English politician (1629–1672)

Matthew Wren (20 August 1629 - 14 June 1672) was an English politician and writer. He is now known as an opponent of James Harrington, and a monarchist who made qualified use of the ideas of Thomas Hobbes.

==Life==

He was the eldest child of the Royalist Bishop of Ely Matthew Wren and Elizabeth, daughter of Thomas Cutler of Ipswich, and therefore cousin of Sir Christopher Wren. He was educated at both Peterhouse, Cambridge and the University of Oxford, graduating M.A. at Oxford on 9 September 1661.

He was secretary to Edward Hyde, Earl of Clarendon, from 1660 to 1667, M.P. for St. Michael (1661 to 1672), and secretary to James, Duke of York (1667 to 1672). He was fatally injured accompanying the duke at the Battle of Solebay in 1672 and died on his return to Greenwich. He was buried with his father at Pembroke Hall, Cambridge.

He was one of the council of the Royal Society named in Charles II's original charter, dated 15 July 1662, and was a prominent member of the Society.

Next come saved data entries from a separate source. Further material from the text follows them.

lemma symmetric_pascal_conj_signed_pascal:
  fixes n :: nat and P :: "'a :: comm_ring_1 mat"
  defines "P \<equiv> lower_pascal n * transpose_mat (lower_pascal n)"
  shows "P * signed_pascal n * P = signed_pascal n"
proof -
  let ?L = "lower_pascal n :: 'a mat" and ?D = "sign_diag n :: 'a mat" and ?K = "signed_pascal n :: 'a mat"
  have LDL: "?L * ?D * ?L = ?D"
    by (simp add: signed_pascal_mult_lower_pascal flip: signed_pascal_eq_mult)
  have "transpose_mat ?L * (?D * transpose_mat ?L) = transpose_mat (?L * ?D * ?L)"
    using transpose_mult [of "?L * ?D" n n ?L n] transpose_mult [of ?L n n ?D n]
    by (simp add: transpose_sign_diag)
  then have LTDLT: "transpose_mat ?L * (?D * transpose_mat ?L) = ?D"
    by (simp add: LDL transpose_sign_diag)
  have KL: "?K * (?L * X) = ?D * X" if "X \<in> carrier_mat n n" for X
    using that by (simp flip: signed_pascal_mult_lower_pascal add: assoc_mult_mat [of _ n n _ n _ n])
  have "P * ?K * P = ?L * (transpose_mat ?L * (?K * (?L * transpose_mat ?L)))"
    unfolding P_def using transpose_carrier_mat [of ?L n n]
    by (simp add: assoc_mult_mat [of _ n n _ n _ n] mult_carrier_mat [of _ n n _ n])
  also have "\<dots> = ?L * ?D"
    by (simp add: KL LTDLT)
  finally show ?thesis
    by (simp flip: signed_pascal_eq_mult)
qed

definition J_off :: "nat \<Rightarrow> nat \<Rightarrow> real" where
  "J_off N k = real k * (real N ^ 2 - real k ^ 2)"

definition J_diag :: "nat \<Rightarrow> nat \<Rightarrow> real" where
  "J_diag N k = real k * (2 * real k ^ 2 + 3 * real k + 2 - real N ^ 2)"

lemma J_off_0 [simp]: "J_off N 0 = 0" and J_off_N [simp]: "J_off N N = 0"
  by (simp_all add: J_off_def)

lemma symmetric_choose_J_identity:
  "J_off N a * real (a - 1 + b choose (a - 1)) + J_diag N a * real (a + b choose a)
     + J_off N (Suc a) * real (Suc a + b choose Suc a)
   = real (a + (b - 1) choose a) * J_off N b + real (a + b choose a) * J_diag N b
     + real (a + Suc b choose a) * J_off N (Suc b)"
proof (cases "a + b = 0")
  case True
  then show ?thesis by simp
next
  case False
  define s where "s = a + b"
  define c where "c = real (a + b choose a)"
  have s: "real s > 0" using False by (simp add: s_def del: of_nat_add)
  have sab: "real s = real a + real b" by (simp add: s_def)
  have a_pred: "J_off N a * real (a - 1 + b choose (a - 1)) = J_off N a * (real a * c / real s)"
  proof (cases "a = 0")
    case False
    then have "a * (s choose a) = s * ((s - 1) choose (a - 1))" by (simp add: times_binomial_minus1_eq)
    moreover have "a - 1 + b = s - 1" using False by (simp add: s_def)
    ultimately show ?thesis using s by (simp add: c_def s_def field_simps flip: of_nat_mult)
  qed simp
  have b_pred: "real (a + (b - 1) choose a) * J_off N b = real b * c / real s * J_off N b"
  proof (cases "b = 0")
    case False
    then have "b * (s choose a) = s * ((s - 1) choose a)"
      using binomial_absorb_comp [of s a] by (simp add: s_def)
    moreover have "a + (b - 1) = s - 1" using False by (simp add: s_def)
    ultimately show ?thesis using s by (simp add: c_def s_def field_simps flip: of_nat_mult)
  qed simp
  have "Suc a * (Suc s choose Suc a) = Suc s * (s choose a)"
    by (rule Suc_times_binomial)
  then have a_succ: "real (Suc a + b choose Suc a) = real (Suc s) * c / real (Suc a)"
    unfolding c_def s_def by (simp add: field_simps del: binomial_Suc_Suc flip: of_nat_mult)
  have "(Suc s - a) * (Suc s choose a) = Suc s * (s choose a)"
    using binomial_absorb_comp [of "Suc s" a] by simp
  then have b_succ: "real (a + Suc b choose a) = real (Suc s) * c / real (Suc b)"
    unfolding c_def s_def by (simp add: field_simps del: binomial_Suc_Suc flip: of_nat_mult)
  show ?thesis
    unfolding a_pred a_succ b_pred b_succ c_def [symmetric] using s
    by (simp add: sab J_off_def J_diag_def divide_simps power2_eq_square) (simp add: algebra_simps)
qed

lemma Suc_times_choose_Suc: "Suc k * (n choose Suc k) = (n - k) * (n choose k)"
  by (metis binomial_absorption binomial_absorb_comp)

lemma choose_J_anticommute_identity:
  "real (a choose b) * J_diag N b - real (a choose (b - 1)) * J_off N b
     - real (a choose Suc b) * J_off N (Suc b)
   + J_off N a * real ((a - 1) choose b) + J_diag N a * real (a choose b)
     + J_off N (Suc a) * real (Suc a choose b)
   = (real N ^ 2 - 1) * real (a choose b)"
proof (cases "b \<le> a")
  case False
  then show ?thesis
    by (cases "b = Suc a") (auto simp: binomial_eq_0)
next
  case True
  then obtain m where a: "a = b + m" using le_Suc_ex by blast
  define c where "c = real (a choose b)"
  have b_pred: "real (a choose (b - 1)) * J_off N b = real b * c / real (Suc m) * J_off N b"
  proof (cases b)
    case (Suc k)
    have "a - k = Suc m" using Suc a by simp
    then have "Suc k * (a choose b) = Suc m * (a choose k)"
      using Suc_times_choose_Suc [of k a] Suc by simp
    then have "real (Suc k) * c = real (Suc m) * real (a choose k)"
      unfolding c_def by (metis of_nat_mult)
    then show ?thesis using Suc by (simp add: field_simps)
  qed simp
  have b_succ: "real (a choose Suc b) = real m * c / real (Suc b)"
    using Suc_times_choose_Suc [of b a] a by (simp add: c_def field_simps flip: of_nat_mult)
  have "real a * real ((a - 1) choose b) = real m * c"
    using binomial_absorb_comp [of a b] a unfolding c_def by (metis add_diff_cancel_left' of_nat_mult)
  then have a_pred: "J_off N a * real ((a - 1) choose b) = (real N ^ 2 - real a ^ 2) * real m * c"
    by (simp add: J_off_def)
  have a_succ: "real (Suc a choose b) = real (Suc a) * c / real (Suc m)"
    using binomial_absorb_comp [of "Suc a" b] a by (simp add: c_def field_simps flip: of_nat_mult)
  show ?thesis
    unfolding b_pred b_succ a_pred a_succ c_def [symmetric]
    by (simp add: a J_off_def J_diag_def divide_simps power2_eq_square) (simp add: algebra_simps)
qed

lemma signed_choose_J_anticommute_identity:
  "signed_choose a (b - 1) * J_off N b + signed_choose a b * J_diag N b
     + signed_choose a (Suc b) * J_off N (Suc b)
   + J_off N a * signed_choose (a - 1) b + J_diag N a * signed_choose a b
     + J_off N (Suc a) * signed_choose (Suc a) b
   = (real N ^ 2 - 1) * signed_choose a b"
proof -
  have "signed_choose a (b - 1) * J_off N b = - ((-1) ^ b * (real (a choose (b - 1)) * J_off N b))"
    by (cases b) (simp_all add: signed_choose_def)
  then show ?thesis
    using arg_cong [OF choose_J_anticommute_identity [of a b N], of "(*) ((-1) ^ b)"]
    by (simp add: signed_choose_def algebra_simps)
qed

lemma Jmat_tridiag: "Jmat N = tridiag N (J_diag N) (J_off N)"
  by (rule eq_matI) (auto simp: Jmat_def tridiag_def J_diag_def J_off_def Let_def)

abbreviation J_char :: "nat \<Rightarrow> real mat" where
  "J_char N \<equiv> char_matrix (Jmat N) ((real N ^ 2 - 1) / 2)"

lemma J_char_tridiag: "J_char N = tridiag N (\<lambda>k. J_diag N k - (real N ^ 2 - 1) / 2) (J_off N)"
  by (simp add: Jmat_tridiag char_matrix_tridiag)

lemma J_char_carrier [simp]: "J_char N \<in> carrier_mat N N"
  and J_char_dim [simp]: "dim_row (J_char N) = N" "dim_col (J_char N) = N"
  by (simp_all add: J_char_tridiag)

lemma Pascal_carrier [simp]: "Pascal N \<in> carrier_mat N N"
  and Pascal_dim [simp]: "dim_row (Pascal N) = N" "dim_col (Pascal N) = N"
  by (simp_all add: Pascal_def)

lemma Pascal_commutes_J_char: "Pascal N * J_char N = J_char N * Pascal N"
proof (rule eq_matI)
  fix a b assume "a < dim_row (J_char N * Pascal N)" "b < dim_col (J_char N * Pascal N)"
  then have "a < N" "b < N" by (simp_all add: Pascal_def)
  then show "(Pascal N * J_char N) $$ (a, b) = (J_char N * Pascal N) $$ (a, b)"
    using symmetric_choose_J_identity [of N a b] unfolding J_char_tridiag Pascal_def
    by (simp add: mult_tridiag_index tridiag_mult_index algebra_simps del: index_mult_mat(1))
qed (simp_all add: Pascal_def)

He was a prominent investor in The African Company and therefore both a beneficiary and supporter of the transatlantic slave trade.

==Works==

He wrote:

- Considerations on Mr. Harrington's ... Oceana, 1657, 12mo (anon.)
- Monarchy Asserted. In Vindication of the Considerations, 1659 8vo, 2nd edit. 1660, 8vo, to which Harrington replied in his Politicaster, London, 1659, 8vo.

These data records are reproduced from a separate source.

lemma sum_UNIV_noise_term:
  fixes F :: "'p::finite noise_term \<Rightarrow> 'b::comm_monoid_add"
  shows "(\<Sum>r\<in>UNIV. F r) = F Sq_left + F Sq_right + F Cross + (\<Sum>j\<in>UNIV. F (Coord j))"
proof -
  have "(\<Sum>r\<in>UNIV. F r) = sum F {Sq_left, Sq_right, Cross} + sum F (range Coord)"
    unfolding UNIV_noise_term by (rule sum.union_disjoint) auto
  moreover have "sum F (range Coord) = (\<Sum>j\<in>UNIV. F (Coord j))"
    using sum.reindex[of Coord UNIV F] by (simp add: inj_on_def comp_def)
  ultimately show ?thesis
    by (simp add: add.assoc)
qed

locale regression_sample = prob_space M for M :: "'a measure" +
  fixes X :: "nat \<Rightarrow> 'a \<Rightarrow> real^'p::finite" and Y :: "nat \<Rightarrow> 'a \<Rightarrow> real" and n :: nat
  assumes two_le_n: "2 \<le> n"
    and measurable_obs: "\<And>i. i < n \<Longrightarrow> (\<lambda>\<omega>. (X i \<omega>, Y i \<omega>)) \<in> borel_measurable M"
    and indep_obs: "indep_vars (\<lambda>_. borel) (\<lambda>i \<omega>. (X i \<omega>, Y i \<omega>)) {..<n}"
    and ident_obs: "\<And>i. i < n \<Longrightarrow>
       distr M borel (\<lambda>\<omega>. (X i \<omega>, Y i \<omega>)) = distr M borel (\<lambda>\<omega>. (X 0 \<omega>, Y 0 \<omega>))"
    and integrable_Y4: "integrable M (\<lambda>\<omega>. (Y 0 \<omega>) ^ 4)"
    and integrable_W2: "integrable M (\<lambda>\<omega>. (norm (Y 0 \<omega> *\<^sub>R X 0 \<omega>))\<^sup>2)"

sublocale regression_sample \<subseteq> iid_sample M "\<lambda>i \<omega>. (X i \<omega>, Y i \<omega>)" n
proof
  show "0 < n"
    using two_le_n by simp
qed (fact measurable_obs indep_obs ident_obs)+

context regression_sample
begin

definition \<alpha> :: real where "\<alpha> = E snd"
definition \<sigma>2 :: real where "\<sigma>2 = E (\<lambda>(x, y). (y - \<alpha>)\<^sup>2)"
definition \<mu>3 :: real where "\<mu>3 = E (\<lambda>(x, y). (y - \<alpha>) ^ 3)"
definition \<mu>4 :: real where "\<mu>4 = E (\<lambda>(x, y). (y - \<alpha>) ^ 4)"
definition \<beta> :: "'p \<Rightarrow> real" where "\<beta> j = E (\<lambda>(x, y). y * x $ j)"
definition A :: "'p \<Rightarrow> 'p \<Rightarrow> real" where "A j k = E (\<lambda>(x, y). (y * x $ j) * (y * x $ k))"
definition \<pi> :: "'p \<Rightarrow> real" where "\<pi> j = E (\<lambda>(x, y). (y - \<alpha>)\<^sup>2 * (y * x $ j))"
definition \<gamma> :: "'p \<Rightarrow> real" where "\<gamma> j = E (\<lambda>(x, y). (y * x $ j) * (y - \<alpha>))"
definition \<tau>2 :: real where "\<tau>2 = (\<Sum>j\<in>UNIV. (\<beta> j)\<^sup>2)"

lemma measurable_X: "X 0 \<in> borel_measurable M"
  and measurable_Y: "Y 0 \<in> borel_measurable M"
  using measurable_compose[OF measurable_Z0, of fst] measurable_compose[OF measurable_Z0, of snd]
  by (simp_all add: borel_measurable_continuous_onI continuous_intros)

lemma integrable_centered_Y4: "integrable M (\<lambda>\<omega>. (Y 0 \<omega> - \<alpha>) ^ 4)"
  by (rule integrable_shifted_fourth_power[OF measurable_Y integrable_Y4])

lemma integrable_centered_Y2: "integrable M (\<lambda>\<omega>. (Y 0 \<omega> - \<alpha>)\<^sup>2)"
  by (rule square_integrable_imp_integrable)
    (use integrable_centered_Y4 measurable_Y in \<open>auto simp: power_mult[symmetric]\<close>)

lemma E_centered: "E (\<lambda>z. snd z - \<alpha>) = 0" "E (\<lambda>z. \<alpha> - snd z) = 0"
proof -
  have "integrable M (\<lambda>\<omega>. Y 0 \<omega> - \<alpha>)"
    by (rule square_integrable_imp_integrable[OF _ integrable_centered_Y2]) (use measurable_Y in simp)
  from Bochner_Integration.integrable_add[OF this integrable_const[of \<alpha>]]
  have "integrable M (Y 0)"
    by simp
  then show "E (\<lambda>z. snd z - \<alpha>) = 0" "E (\<lambda>z. \<alpha> - snd z) = 0"
    by (simp_all add: E_def \<alpha>_def prob_space)
qed

lemma integrable_W_sq: "integrable M (\<lambda>\<omega>. (Y 0 \<omega> * X 0 \<omega> $ j)\<^sup>2)"
proof (rule Bochner_Integration.integrable_bound[OF integrable_W2])
  show "(\<lambda>\<omega>. (Y 0 \<omega> * X 0 \<omega> $ j)\<^sup>2) \<in> borel_measurable M"
    using measurable_compose[OF measurable_X borel_measurable_nth] measurable_Y by measurable
  have "\<bar>Y 0 \<omega> * X 0 \<omega> $ j\<bar> \<le> norm (Y 0 \<omega> *\<^sub>R X 0 \<omega>)" for \<omega>
    using component_le_norm_cart[of "Y 0 \<omega> *\<^sub>R X 0 \<omega>" j] by simp
  then have "\<bar>Y 0 \<omega> * X 0 \<omega> $ j\<bar>\<^sup>2 \<le> (norm (Y 0 \<omega> *\<^sub>R X 0 \<omega>))\<^sup>2" for \<omega>
    by (intro power_mono) auto
  then show "AE \<omega> in M. norm ((Y 0 \<omega> * X 0 \<omega> $ j)\<^sup>2) \<le> norm ((norm (Y 0 \<omega> *\<^sub>R X 0 \<omega>))\<^sup>2)"
    by simp
qed

(* With u = y - alpha the noise kernel (y1 - y2)^2/2 - w1.w2 splits as u1^2/2 + u2^2/2 - u1 u2 - w1.w2;
   centring at the mean turns the moments of its components into central moments of Y. *)
definition noise_f :: "'p noise_term \<Rightarrow> (real^'p) \<times> real \<Rightarrow> real" where
  "noise_f r z = (case r of
      Sq_left \<Rightarrow> (snd z - \<alpha>)\<^sup>2 / 2 | Sq_right \<Rightarrow> 1 | Cross \<Rightarrow> - (snd z - \<alpha>)
    | Coord j \<Rightarrow> - (snd z * fst z $ j))"

definition noise_g :: "'p noise_term \<Rightarrow> (real^'p) \<times> real \<Rightarrow> real" where
  "noise_g r z = (case r of
      Sq_left \<Rightarrow> 1 | Sq_right \<Rightarrow> (snd z - \<alpha>)\<^sup>2 / 2 | Cross \<Rightarrow> snd z - \<alpha>
    | Coord j \<Rightarrow> snd z * fst z $ j)"

definition signal_f :: "'p \<Rightarrow> (real^'p) \<times> real \<Rightarrow> real" where
  "signal_f j z = snd z * fst z $ j"

lemma signal_kernel_eq: "(\<Sum>j\<in>UNIV. signal_f j a * signal_f j b) = (snd a *\<^sub>R fst a) \<bullet> (snd b *\<^sub>R fst b)"
  by (simp add: signal_f_def inner_vec_def mult_ac)

lemma noise_kernel_eq:
  "(\<Sum>r\<in>UNIV. noise_f r a * noise_g r b) = (snd a - snd b)\<^sup>2 / 2 - (snd a *\<^sub>R fst a) \<bullet> (snd b *\<^sub>R fst b)"
proof -
  have "(\<Sum>r\<in>UNIV. noise_f r a * noise_g r b)
      = ((snd a - \<alpha>)\<^sup>2 / 2 + (snd b - \<alpha>)\<^sup>2 / 2 - (snd a - \<alpha>) * (snd b - \<alpha>))
        - (\<Sum>j\<in>UNIV. signal_f j a * signal_f j b)"
    by (simp add: sum_UNIV_noise_term noise_f_def noise_g_def signal_f_def sum_negf algebra_simps)
  also have "(snd a - \<alpha>)\<^sup>2 / 2 + (snd b - \<alpha>)\<^sup>2 / 2 - (snd a - \<alpha>) * (snd b - \<alpha>) = (snd a - snd b)\<^sup>2 / 2"
    by (simp add: power2_eq_square field_simps)
  finally show ?thesis
    by (simp add: signal_kernel_eq)
qed

lemma measurable_noise_f: "noise_f r \<in> borel_measurable borel"
  unfolding noise_f_def[abs_def]
  by (cases r) (simp_all add: borel_measurable_continuous_onI continuous_intros)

J. G. A. Pocock describes him as the leading contemporary opponent of Harrington, and an illustration in his views of the theory of possessive individualism of C. B. Macpherson. Francis D. Wormuth writes that Wren reversed the relation between politics and economics found in Harrington. According to I. Bernard Cohen, Wren may have been the first, in Monarchy Asserted, to apply the term 'revolution' to the English Revolution. The book was dedicated to John Wilkins, and Wren's introduction explained that the anonymous Considerations had been taken by Harrington to come from the whole group of Oxford experimentalists around Wilkins (to which Wren belonged, as did his more famous cousin Christopher Wren).